Saved data entries
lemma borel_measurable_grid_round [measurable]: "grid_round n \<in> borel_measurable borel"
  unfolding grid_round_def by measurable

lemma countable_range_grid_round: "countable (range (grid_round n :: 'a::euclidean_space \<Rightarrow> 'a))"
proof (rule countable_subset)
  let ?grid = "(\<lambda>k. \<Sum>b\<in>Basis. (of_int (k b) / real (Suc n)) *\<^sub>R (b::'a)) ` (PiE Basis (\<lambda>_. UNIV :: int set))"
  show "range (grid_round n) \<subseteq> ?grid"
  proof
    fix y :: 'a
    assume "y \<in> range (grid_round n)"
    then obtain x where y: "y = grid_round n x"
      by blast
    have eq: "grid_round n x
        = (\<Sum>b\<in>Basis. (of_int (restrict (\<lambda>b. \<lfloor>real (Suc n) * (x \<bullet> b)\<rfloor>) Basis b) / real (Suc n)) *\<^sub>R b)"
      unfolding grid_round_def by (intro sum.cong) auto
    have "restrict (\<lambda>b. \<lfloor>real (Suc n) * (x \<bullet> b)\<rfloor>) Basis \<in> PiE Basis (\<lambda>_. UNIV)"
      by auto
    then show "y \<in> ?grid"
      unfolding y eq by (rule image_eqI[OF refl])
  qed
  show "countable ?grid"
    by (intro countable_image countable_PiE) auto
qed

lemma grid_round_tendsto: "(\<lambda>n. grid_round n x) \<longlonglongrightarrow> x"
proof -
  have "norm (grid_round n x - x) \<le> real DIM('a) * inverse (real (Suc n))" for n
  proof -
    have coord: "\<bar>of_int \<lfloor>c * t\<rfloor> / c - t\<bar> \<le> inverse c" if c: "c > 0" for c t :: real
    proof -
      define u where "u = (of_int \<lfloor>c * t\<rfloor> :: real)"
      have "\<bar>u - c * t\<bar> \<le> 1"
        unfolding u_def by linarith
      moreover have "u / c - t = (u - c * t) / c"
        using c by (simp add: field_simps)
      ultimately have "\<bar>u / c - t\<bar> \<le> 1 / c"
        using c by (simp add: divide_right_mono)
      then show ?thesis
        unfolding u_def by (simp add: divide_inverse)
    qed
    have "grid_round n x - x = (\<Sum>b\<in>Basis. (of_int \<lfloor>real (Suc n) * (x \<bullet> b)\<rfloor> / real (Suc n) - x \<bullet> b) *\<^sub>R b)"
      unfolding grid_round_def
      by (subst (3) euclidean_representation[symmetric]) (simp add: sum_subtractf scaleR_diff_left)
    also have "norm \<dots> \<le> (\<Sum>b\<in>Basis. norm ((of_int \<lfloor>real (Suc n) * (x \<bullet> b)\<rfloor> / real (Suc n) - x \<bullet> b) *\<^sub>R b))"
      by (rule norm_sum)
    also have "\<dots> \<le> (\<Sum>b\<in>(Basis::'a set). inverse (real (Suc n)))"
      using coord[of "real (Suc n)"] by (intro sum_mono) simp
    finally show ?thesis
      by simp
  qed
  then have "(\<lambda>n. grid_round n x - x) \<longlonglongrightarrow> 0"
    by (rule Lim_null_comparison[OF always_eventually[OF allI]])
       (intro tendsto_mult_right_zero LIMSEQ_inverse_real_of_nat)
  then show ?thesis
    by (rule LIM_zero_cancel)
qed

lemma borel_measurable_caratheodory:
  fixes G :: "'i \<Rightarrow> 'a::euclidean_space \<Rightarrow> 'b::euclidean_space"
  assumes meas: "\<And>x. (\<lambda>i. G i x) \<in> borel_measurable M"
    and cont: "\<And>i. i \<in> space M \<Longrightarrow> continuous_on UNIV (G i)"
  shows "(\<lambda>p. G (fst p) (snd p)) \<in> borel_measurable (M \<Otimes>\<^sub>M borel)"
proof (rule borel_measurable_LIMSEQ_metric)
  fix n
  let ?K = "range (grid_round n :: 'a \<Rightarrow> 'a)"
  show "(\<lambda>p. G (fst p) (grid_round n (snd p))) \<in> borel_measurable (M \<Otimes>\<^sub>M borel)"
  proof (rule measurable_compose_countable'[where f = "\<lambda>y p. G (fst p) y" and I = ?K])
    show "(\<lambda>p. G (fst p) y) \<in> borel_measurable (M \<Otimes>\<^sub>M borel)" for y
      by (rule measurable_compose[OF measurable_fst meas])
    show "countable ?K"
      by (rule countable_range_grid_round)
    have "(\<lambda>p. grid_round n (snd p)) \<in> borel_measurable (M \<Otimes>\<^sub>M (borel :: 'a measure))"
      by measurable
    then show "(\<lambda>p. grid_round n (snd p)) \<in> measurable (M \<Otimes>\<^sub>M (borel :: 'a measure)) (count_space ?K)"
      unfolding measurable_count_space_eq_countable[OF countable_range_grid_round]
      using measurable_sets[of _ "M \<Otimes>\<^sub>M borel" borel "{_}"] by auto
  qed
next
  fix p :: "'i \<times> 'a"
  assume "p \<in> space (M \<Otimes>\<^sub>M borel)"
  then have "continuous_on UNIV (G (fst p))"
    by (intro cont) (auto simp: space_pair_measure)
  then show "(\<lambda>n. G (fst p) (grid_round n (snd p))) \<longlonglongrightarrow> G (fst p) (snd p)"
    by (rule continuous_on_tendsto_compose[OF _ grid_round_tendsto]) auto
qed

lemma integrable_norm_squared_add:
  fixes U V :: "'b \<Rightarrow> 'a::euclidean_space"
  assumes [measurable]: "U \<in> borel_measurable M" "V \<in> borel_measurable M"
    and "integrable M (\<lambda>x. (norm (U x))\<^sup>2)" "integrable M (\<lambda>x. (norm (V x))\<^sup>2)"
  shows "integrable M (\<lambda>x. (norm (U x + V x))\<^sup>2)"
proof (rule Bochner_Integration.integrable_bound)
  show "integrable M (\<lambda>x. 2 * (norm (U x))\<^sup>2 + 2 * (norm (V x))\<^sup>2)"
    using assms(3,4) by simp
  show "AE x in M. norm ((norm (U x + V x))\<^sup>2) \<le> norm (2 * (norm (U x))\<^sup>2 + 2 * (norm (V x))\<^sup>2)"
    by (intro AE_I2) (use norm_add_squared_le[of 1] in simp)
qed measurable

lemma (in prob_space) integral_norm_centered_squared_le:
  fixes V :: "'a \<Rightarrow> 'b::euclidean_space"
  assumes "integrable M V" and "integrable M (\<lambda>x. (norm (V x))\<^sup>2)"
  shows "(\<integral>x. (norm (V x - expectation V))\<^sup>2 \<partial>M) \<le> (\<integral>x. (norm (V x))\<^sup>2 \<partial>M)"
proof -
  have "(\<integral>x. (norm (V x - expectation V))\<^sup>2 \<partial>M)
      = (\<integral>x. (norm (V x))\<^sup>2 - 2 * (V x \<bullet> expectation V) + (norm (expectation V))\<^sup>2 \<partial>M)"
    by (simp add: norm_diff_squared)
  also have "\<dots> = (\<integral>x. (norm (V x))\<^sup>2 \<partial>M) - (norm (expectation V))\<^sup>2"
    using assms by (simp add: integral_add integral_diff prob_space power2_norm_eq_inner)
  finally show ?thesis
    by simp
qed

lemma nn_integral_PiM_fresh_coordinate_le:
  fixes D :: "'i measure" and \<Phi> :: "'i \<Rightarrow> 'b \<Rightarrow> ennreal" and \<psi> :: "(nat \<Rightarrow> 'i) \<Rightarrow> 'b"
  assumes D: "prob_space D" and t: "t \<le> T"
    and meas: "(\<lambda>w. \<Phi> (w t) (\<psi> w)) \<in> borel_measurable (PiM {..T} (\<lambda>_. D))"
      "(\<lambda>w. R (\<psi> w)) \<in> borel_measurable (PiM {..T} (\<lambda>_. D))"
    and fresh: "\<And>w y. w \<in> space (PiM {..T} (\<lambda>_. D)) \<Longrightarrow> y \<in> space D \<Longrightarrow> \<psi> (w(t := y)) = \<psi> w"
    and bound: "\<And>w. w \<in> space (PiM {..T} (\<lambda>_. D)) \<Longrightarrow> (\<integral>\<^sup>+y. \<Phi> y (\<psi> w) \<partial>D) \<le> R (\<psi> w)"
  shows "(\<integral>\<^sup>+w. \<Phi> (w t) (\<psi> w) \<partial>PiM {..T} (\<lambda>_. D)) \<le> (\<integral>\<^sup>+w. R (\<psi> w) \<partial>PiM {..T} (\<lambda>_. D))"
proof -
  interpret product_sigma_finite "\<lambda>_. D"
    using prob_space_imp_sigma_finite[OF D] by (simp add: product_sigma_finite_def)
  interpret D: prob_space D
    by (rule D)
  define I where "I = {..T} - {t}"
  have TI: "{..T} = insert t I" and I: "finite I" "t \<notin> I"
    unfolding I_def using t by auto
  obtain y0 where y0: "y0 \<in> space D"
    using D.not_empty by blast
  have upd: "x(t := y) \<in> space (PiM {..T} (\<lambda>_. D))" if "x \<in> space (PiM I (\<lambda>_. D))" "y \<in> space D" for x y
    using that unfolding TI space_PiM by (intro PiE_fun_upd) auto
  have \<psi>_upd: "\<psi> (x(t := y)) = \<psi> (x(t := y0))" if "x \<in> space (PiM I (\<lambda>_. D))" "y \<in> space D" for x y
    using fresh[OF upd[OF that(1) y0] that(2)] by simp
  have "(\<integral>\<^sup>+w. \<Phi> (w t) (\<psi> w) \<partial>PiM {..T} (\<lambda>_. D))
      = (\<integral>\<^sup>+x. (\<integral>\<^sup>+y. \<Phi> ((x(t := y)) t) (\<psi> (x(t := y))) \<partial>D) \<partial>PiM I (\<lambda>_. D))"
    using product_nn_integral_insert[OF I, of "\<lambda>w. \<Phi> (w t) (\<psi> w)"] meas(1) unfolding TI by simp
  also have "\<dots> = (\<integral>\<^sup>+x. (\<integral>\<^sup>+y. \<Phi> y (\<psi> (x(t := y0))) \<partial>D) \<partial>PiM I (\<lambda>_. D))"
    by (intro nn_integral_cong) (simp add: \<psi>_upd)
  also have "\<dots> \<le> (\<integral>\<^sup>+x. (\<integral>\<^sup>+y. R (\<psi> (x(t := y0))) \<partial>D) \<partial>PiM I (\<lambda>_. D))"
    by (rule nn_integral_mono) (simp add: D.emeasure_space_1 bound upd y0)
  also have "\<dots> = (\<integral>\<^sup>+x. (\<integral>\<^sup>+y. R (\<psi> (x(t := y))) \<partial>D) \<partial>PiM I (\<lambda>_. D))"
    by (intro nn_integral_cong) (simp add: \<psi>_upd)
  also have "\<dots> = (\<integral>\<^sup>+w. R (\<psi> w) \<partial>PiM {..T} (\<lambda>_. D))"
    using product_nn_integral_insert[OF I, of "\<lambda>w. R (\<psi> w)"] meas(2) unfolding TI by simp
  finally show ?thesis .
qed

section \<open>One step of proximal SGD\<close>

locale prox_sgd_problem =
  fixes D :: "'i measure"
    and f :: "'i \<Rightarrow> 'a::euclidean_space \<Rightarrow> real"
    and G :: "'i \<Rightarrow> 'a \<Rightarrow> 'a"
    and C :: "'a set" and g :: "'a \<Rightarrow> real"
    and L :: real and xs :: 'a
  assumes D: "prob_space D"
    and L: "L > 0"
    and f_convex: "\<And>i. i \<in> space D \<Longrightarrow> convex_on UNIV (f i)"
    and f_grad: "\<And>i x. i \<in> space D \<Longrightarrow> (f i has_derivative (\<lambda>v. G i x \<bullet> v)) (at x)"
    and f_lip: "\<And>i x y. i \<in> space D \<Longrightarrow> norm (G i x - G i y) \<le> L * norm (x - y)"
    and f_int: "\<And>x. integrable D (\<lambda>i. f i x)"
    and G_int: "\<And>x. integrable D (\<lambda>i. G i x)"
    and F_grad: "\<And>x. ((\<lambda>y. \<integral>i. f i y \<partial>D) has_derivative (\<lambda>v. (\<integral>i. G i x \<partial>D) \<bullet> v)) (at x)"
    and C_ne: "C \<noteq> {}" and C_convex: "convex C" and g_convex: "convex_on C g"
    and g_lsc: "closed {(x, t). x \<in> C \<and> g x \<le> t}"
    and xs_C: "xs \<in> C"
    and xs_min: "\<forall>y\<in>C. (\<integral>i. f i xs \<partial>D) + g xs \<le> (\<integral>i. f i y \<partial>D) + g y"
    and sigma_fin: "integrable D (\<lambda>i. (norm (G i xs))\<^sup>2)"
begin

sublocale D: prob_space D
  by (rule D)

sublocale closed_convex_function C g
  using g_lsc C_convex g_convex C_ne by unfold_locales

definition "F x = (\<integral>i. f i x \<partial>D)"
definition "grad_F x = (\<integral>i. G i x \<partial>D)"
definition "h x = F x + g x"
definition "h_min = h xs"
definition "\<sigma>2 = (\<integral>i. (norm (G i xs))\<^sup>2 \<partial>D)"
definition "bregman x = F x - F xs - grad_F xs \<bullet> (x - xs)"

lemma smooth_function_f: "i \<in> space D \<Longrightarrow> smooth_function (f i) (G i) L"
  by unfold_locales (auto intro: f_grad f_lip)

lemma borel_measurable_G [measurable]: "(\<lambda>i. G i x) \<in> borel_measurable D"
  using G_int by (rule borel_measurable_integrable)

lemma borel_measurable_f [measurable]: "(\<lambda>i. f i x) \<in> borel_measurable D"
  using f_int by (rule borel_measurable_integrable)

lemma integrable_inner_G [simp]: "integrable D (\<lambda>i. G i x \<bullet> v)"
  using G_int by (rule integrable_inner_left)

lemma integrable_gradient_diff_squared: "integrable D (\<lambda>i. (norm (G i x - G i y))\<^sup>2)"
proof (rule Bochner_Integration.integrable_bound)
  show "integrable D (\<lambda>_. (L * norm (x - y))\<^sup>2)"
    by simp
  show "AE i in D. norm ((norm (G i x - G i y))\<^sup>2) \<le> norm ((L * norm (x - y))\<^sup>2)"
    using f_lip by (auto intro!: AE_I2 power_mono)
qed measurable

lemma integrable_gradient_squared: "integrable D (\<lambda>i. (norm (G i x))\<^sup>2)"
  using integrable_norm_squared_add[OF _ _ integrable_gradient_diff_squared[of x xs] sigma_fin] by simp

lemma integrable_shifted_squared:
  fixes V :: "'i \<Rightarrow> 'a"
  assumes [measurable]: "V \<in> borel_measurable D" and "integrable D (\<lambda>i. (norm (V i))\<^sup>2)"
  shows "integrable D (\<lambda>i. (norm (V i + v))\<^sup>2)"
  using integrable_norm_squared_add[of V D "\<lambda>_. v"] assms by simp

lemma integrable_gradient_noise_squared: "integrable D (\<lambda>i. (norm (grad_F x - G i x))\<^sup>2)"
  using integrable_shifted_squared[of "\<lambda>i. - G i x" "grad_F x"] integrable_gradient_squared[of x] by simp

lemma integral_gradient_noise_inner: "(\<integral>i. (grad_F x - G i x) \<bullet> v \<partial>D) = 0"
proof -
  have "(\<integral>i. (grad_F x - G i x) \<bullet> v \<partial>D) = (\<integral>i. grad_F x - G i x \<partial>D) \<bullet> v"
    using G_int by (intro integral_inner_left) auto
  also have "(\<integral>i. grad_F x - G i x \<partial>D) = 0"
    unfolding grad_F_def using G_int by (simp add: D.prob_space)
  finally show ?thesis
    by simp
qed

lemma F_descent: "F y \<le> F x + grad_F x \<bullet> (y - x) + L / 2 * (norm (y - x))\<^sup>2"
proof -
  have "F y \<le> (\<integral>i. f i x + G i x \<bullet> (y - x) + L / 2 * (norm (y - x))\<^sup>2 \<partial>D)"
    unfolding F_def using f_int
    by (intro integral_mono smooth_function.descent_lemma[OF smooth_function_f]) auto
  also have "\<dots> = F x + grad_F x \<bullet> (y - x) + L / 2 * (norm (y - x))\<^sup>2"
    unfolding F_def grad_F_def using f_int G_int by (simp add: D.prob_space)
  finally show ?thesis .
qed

**Exercise brief:**
The required output is the lines from the one holding "unfolding F_def using f_int" through the last line of the entries above, copied exactly.

**Result of the exercise:**
    unfolding F_def using f_int
    by (intro integral_mono smooth_function.descent_lemma[OF smooth_function_f]) auto
  also have "\<dots> = F x + grad_F x \<bullet> (y - x) + L / 2 * (norm (y - x))\<^sup>2"
    unfolding F_def grad_F_def using f_int G_int by (simp add: D.prob_space)
  finally show ?thesis .
qed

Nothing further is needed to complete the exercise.